Carême 2023 – Jeudi de la 2e semaine de Carême – 9 mars 2023
Réflexions quotidiennes du Carême 2023 :
Jeudi de la 2e semaine de Carême (9 mars 2023)
Même dans notre monde chaotique, la contemplation n'a pas disparu. Elle ne peut jamais être complètement perdue car, tout comme la beauté et l'espoir, elle est une faim et un besoin inextinguibles dans le cœur des hommes. Ce qui change d'une période et d’une culture à l'autre, c'est la façon dont nous comprenons la contemplation, sa nature, son but et la façon dont nous la cultivons. La contemplation crée sa propre lumière par laquelle nous la voyons pour ce qu'elle est.
À une époque de foi, nous comprenons la contemplation comme l'entrée dans une union indivise avec Dieu. Sur notre chemin vers l'unité avec la source, le fondement et le but de notre être, nous nous éveillons également à notre union essentielle avec toutes les autres personnes et parties de la nature, même celles avec lesquelles nous sommes en conflit. En revanche, à l'ère du matérialisme et du consumérisme, la contemplation est réduite à une expérience privée, voire transformée en un programme payant. Ce que vous achetez avec la contemplation commerciale peut toujours être bon en soi. C’est la réduction du stress et de l'anxiété, l'amélioration du sommeil et de la santé, mais ce n'est qu'un emballage comparé à ce pour quoi les traditions contemplatives nous incitent à méditer.

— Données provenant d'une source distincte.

(* $\lim_{\lambda\to\infty}\big(\sup_{x\ge0}\,(V(x,\lambda)-x)\big)=0$.
   Context: Fix constants $p>0$ (premium rate), $q>0$ (discount rate), $d>0$, $\beta>0$, $\underline{\lambda}\ge0$, and distribution functions $F_U,F_Y$ of strictly positive random variables with finite expectation. For an initial intensity $\lambda\ge\underline{\lambda}$ the claim intensity is the shot-noise process $\lambda_t=\underline{\lambda}+e^{-dt}(\lambda-\underline{\lambda})+\sum_{k=1}^{\widetilde N_t}Y_k e^{-d(t-T_k)}$, where $\widetilde N_t=\#\{k:T_k\le t\}$ is a Poisson process of rate $\beta$ with arrival times $T_k$ and the $Y_k$ are i.i.d. with distribution $F_Y$, independent of $\widetilde N$. Conditionally on $(\lambda_s)_{s\ge0}$, the claim counting process $N_t=\#\{j:\tau_j\le t\}$ is an inhomogeneous Poisson process with intensity $\lambda_t$ (a Cox process), and the claim sizes $U_j$ are i.i.d. with distribution $F_U$, independent of all the rest. For initial surplus $x\ge0$ the surplus is $X_t=x+pt-\sum_{j=1}^{N_t}U_j$, and $(\mathcal F_t)$ is the completed filtration generated by the intensity jumps $(T_k,Y_k)$ and the claims $(\tau_j,U_j)$ up to time $t$. The premium satisfies $p=(1+\eta)\mathbb E(U_1)\lambda_{\mathrm{av}}$ with $\eta>0$ and $\lambda_{\mathrm{av}}=\lim_{t\to\infty}\mathbb E(\int_0^t\lambda_sds)/t$. A dividend strategy $L=(L_t)_{t\ge0}$ is admissible, $L\in\Pi_{x,\lambda}$, if it is non-decreasing, càdlàg, $(\mathcal F_t)$-adapted, $L_0\ge0$ and $L_t\le X_t$ for $t<\tau^L$, where $\tau^L=\inf\{t\ge0:X_t-L_{t^-}<0\}$ is the ruin time. Its value is $J(L;x,\lambda)=\mathbb E\big(\int_{0^-}^{\tau^L}e^{-qt}dL_t\big)$ and the optimal value function is $V(x,\lambda)=\sup_{L\in\Pi_{x,\lambda}}J(L;x,\lambda)$ for $x\ge0$, $\lambda\ge\underline{\lambda}$. *)

theory Defs
  imports "HOL-Probability.Probability"
begin

text \<open>A sample point is a sequence of
  i.i.d. quadruples ((E_k, Y_k), (G_j, U_j)): E_k ~ Exp(beta) are the interarrival
  times of the shot Poisson process, Y_k ~ F_Y its marks, G_j ~ Exp(1) the
  interarrival times of a unit-rate Poisson process, U_j ~ F_U the claim sizes.
  The claim process is the Cox process obtained by the random time change
  N_t = #{j. Gamma_j <= Lambda_t}, Lambda_t = int_0^t lambda_s ds.\<close>

type_synonym omega = "nat \<Rightarrow> (real \<times> real) \<times> (real \<times> real)"

definition base_law :: "real \<Rightarrow> real measure \<Rightarrow> real measure \<Rightarrow> ((real \<times> real) \<times> (real \<times> real)) measure" where
  "base_law beta FY FU =
     (density lborel (exponential_density beta) \<Otimes>\<^sub>M FY) \<Otimes>\<^sub>M
     (density lborel (exponential_density 1) \<Otimes>\<^sub>M FU)"

definition Omega :: "real \<Rightarrow> real measure \<Rightarrow> real measure \<Rightarrow> omega measure" where
  "Omega beta FY FU = PiM UNIV (\<lambda>_::nat. base_law beta FY FU)"

text \<open>Arrival time of the (k+1)-th intensity jump and its mark.\<close>
definition Tj :: "nat \<Rightarrow> omega \<Rightarrow> real" where
  "Tj k \<omega> = (\<Sum>i\<le>k. fst (fst (\<omega> i)))"

definition Yj :: "nat \<Rightarrow> omega \<Rightarrow> real" where
  "Yj k \<omega> = snd (fst (\<omega> k))"

definition Gam :: "nat \<Rightarrow> omega \<Rightarrow> real" where
  "Gam j \<omega> = (\<Sum>i\<le>j. fst (snd (\<omega> i)))"

definition Uj :: "nat \<Rightarrow> omega \<Rightarrow> real" where
  "Uj j \<omega> = snd (snd (\<omega> j))"

definition lam :: "real \<Rightarrow> real \<Rightarrow> real \<Rightarrow> real \<Rightarrow> omega \<Rightarrow> real" where
  "lam lb d l0 t \<omega> = lb + exp (- d * t) * (l0 - lb) +
     (\<Sum>k\<in>{k. Tj k \<omega> \<le> t}. Yj k \<omega> * exp (- d * (t - Tj k \<omega>)))"

definition Lam :: "real \<Rightarrow> real \<Rightarrow> real \<Rightarrow> real \<Rightarrow> omega \<Rightarrow> real" where
  "Lam lb d l0 t \<omega> = (LBINT s:{0..t}. lam lb d l0 s \<omega>)"

definition tau :: "real \<Rightarrow> real \<Rightarrow> real \<Rightarrow> nat \<Rightarrow> omega \<Rightarrow> real" where
  "tau lb d l0 j \<omega> = Inf {t. 0 \<le> t \<and> Gam j \<omega> \<le> Lam lb d l0 t \<omega>}"

definition surplus :: "real \<Rightarrow> real \<Rightarrow> real \<Rightarrow> real \<Rightarrow> real \<Rightarrow> real \<Rightarrow> omega \<Rightarrow> real" where
  "surplus p lb d l0 x t \<omega> = x + p * t - (\<Sum>j\<in>{j. tau lb d l0 j \<omega> \<le> t}. Uj j \<omega>)"

definition gens :: "real \<Rightarrow> real \<Rightarrow> real \<Rightarrow> real \<Rightarrow> (omega \<Rightarrow> real) set" where
  "gens lb d l0 t =
     (\<Union>k. {\<lambda>\<omega>. if Tj k \<omega> \<le> t then 1 else 0,
            \<lambda>\<omega>. if Tj k \<omega> \<le> t then Tj k \<omega> else 0,
            \<lambda>\<omega>. if Tj k \<omega> \<le> t then Yj k \<omega> else 0}) \<union>
     (\<Union>j. {\<lambda>\<omega>. if tau lb d l0 j \<omega> \<le> t then 1 else 0,
            \<lambda>\<omega>. if tau lb d l0 j \<omega> \<le> t then tau lb d l0 j \<omega> else 0,
            \<lambda>\<omega>. if tau lb d l0 j \<omega> \<le> t then Uj j \<omega> else 0})"

definition filt :: "omega measure \<Rightarrow> real \<Rightarrow> real \<Rightarrow> real \<Rightarrow> real \<Rightarrow> omega set set" where
  "filt S lb d l0 t = sigma_sets (space S)
     ({g -` B \<inter> space S | g B. g \<in> gens lb d l0 t \<and> B \<in> sets borel} \<union> null_sets (completion S))"

definition Lleft :: "(real \<Rightarrow> omega \<Rightarrow> real) \<Rightarrow> real \<Rightarrow> omega \<Rightarrow> real" where
  "Lleft L t \<omega> = (if t \<le> 0 then 0 else Lim (at_left t) (\<lambda>s. L s \<omega>))"

text \<open>Ruin time tau^L (infinite if no ruin).\<close>
definition ruin_time :: "real \<Rightarrow> real \<Rightarrow> real \<Rightarrow> real \<Rightarrow> real \<Rightarrow> (real \<Rightarrow> omega \<Rightarrow> real) \<Rightarrow> omega \<Rightarrow> ereal" where
  "ruin_time p lb d l0 x L \<omega> =
     Inf (ereal ` {t. 0 \<le> t \<and> surplus p lb d l0 x t \<omega> - Lleft L t \<omega> < 0})"

definition admissible :: "omega measure \<Rightarrow> real \<Rightarrow> real \<Rightarrow> real \<Rightarrow> real \<Rightarrow> real \<Rightarrow> (real \<Rightarrow> omega \<Rightarrow> real) set" where
  "admissible S p lb d l0 x = {L.
     (\<forall>\<omega>\<in>space S.
        mono_on {0..} (\<lambda>t. L t \<omega>) \<and>
        (\<forall>t\<ge>0. continuous (at_right t) (\<lambda>s. L s \<omega>)) \<and>
        (\<forall>t>0. \<exists>l. ((\<lambda>s. L s \<omega>) \<longlongrightarrow> l) (at_left t)) \<and>
        0 \<le> L 0 \<omega> \<and>
        (\<forall>t\<ge>0. ereal t < ruin_time p lb d l0 x L \<omega> \<longrightarrow> L t \<omega> \<le> surplus p lb d l0 x t \<omega>)) \<and>
     (\<forall>t\<ge>0. \<forall>B\<in>sets borel. (\<lambda>\<omega>. L t \<omega>) -` B \<inter> space S \<in> filt S lb d l0 t)}"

Il y a une différence majeure entre les deux approches, dans la compréhension des bénéfices que la méditation apporte aux autres, qu'ils soient proches ou éloignés. Les attitudes matérialistes nous enferment dans un état d'esprit narcissique avec de terribles angles morts où nous nous concentrons principalement sur "ce que j'en retire", ce qui limite considérablement ce que nous en retirons réellement, car le matérialisme bloque l'attention pure, centrée sur l'autre, qui nous amène à la transcendance. La nature du narcissisme est que la victime ne sait pas qu'elle est narcissique, pas plus qu'un chat qui saute sur vos genoux pour s'y blottir et qui plante ses griffes dans votre jambe ne sait qu'il vous fait du mal. En restant centré vers sa vie personnelle, on devient de plus en plus limité dans son niveau d'empathie pour les autres.

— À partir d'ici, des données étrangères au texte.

text \<open>
Finite-dimensional multipartite Hilbert space H = tensor product of H_a, a < n, with
dim H_a = d a.  The computational (product) basis of H is indexed by configurations
c :: nat => nat with c a < d a for a < n and c a = 0 for a >= n.  Everything lives inside the coordinate space of H; a subsystem
N (a subset of sites) is represented by the configurations vanishing outside N.
\<close>

type_synonym cfg = "nat \<Rightarrow> nat"
type_synonym vect = "cfg \<Rightarrow> complex"
type_synonym cmat = "cfg \<Rightarrow> cfg \<Rightarrow> complex"

definition configs :: "nat \<Rightarrow> (nat \<Rightarrow> nat) \<Rightarrow> cfg set" where
  "configs n d = {c. \<forall>a. (a < n \<longrightarrow> c a < d a) \<and> (n \<le> a \<longrightarrow> c a = 0)}"

definition restr :: "nat set \<Rightarrow> cfg \<Rightarrow> cfg" where
  "restr N c = (\<lambda>a. if a \<in> N then c a else 0)"

definition sub_configs :: "nat \<Rightarrow> (nat \<Rightarrow> nat) \<Rightarrow> nat set \<Rightarrow> cfg set" where
  "sub_configs n d N = restr N ` configs n d"

definition vecs :: "cfg set \<Rightarrow> vect set" where
  "vecs S = {v. \<forall>c. c \<notin> S \<longrightarrow> v c = 0}"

Si, en revanche, vous abordez votre travail contemplatif quotidien avec un esprit ouvert à sa dimension et à son objectif les plus profonds, avec un sens du mystère et non un objectif d'acquisition, alors la méditation sera tout à fait différente. Votre approche et votre pratique ne seront pas les mêmes. Le Nuage de l'inconnaissance dit que nous devons veiller à notre santé et à notre bien-être pour pouvoir méditer. Il est plus difficile de le faire quand on a de la fièvre ou que l'on souffre. C'est l'image inverse de la méditation qui vise principalement à se sentir mieux à court terme. Julienne de Norwich dit que "la prière n'est pas une occupation oisive. Elle est un instrument très puissant de notre travail et de notre amour". Dans cette optique, chaque méditation devient un bon travail qui fait ressortir ce qu'il y a de meilleur en vous et apporte des bienfaits aux autres.
Le réseau d'existence d'Indra est un symbole de connexion universelle dans lequel tout est lié et où chaque point de rencontre est un joyau unique reflétant l'ensemble auquel il appartient. C'est tout simplement ainsi que les choses se passent et c'est donc par la pratique, la pratique et la pratique que chacun en vient à se comprendre en relation avec les autres. Quelle différence entre la vision de la réalité et du monde et celle de l'individu replié sur lui-même ! Les apôtres étaient en train de réparer leurs filets lorsque Jésus passa et les appela à le suivre. Ainsi en est-il pour nous, même dans notre méditation distraite de chaque jour.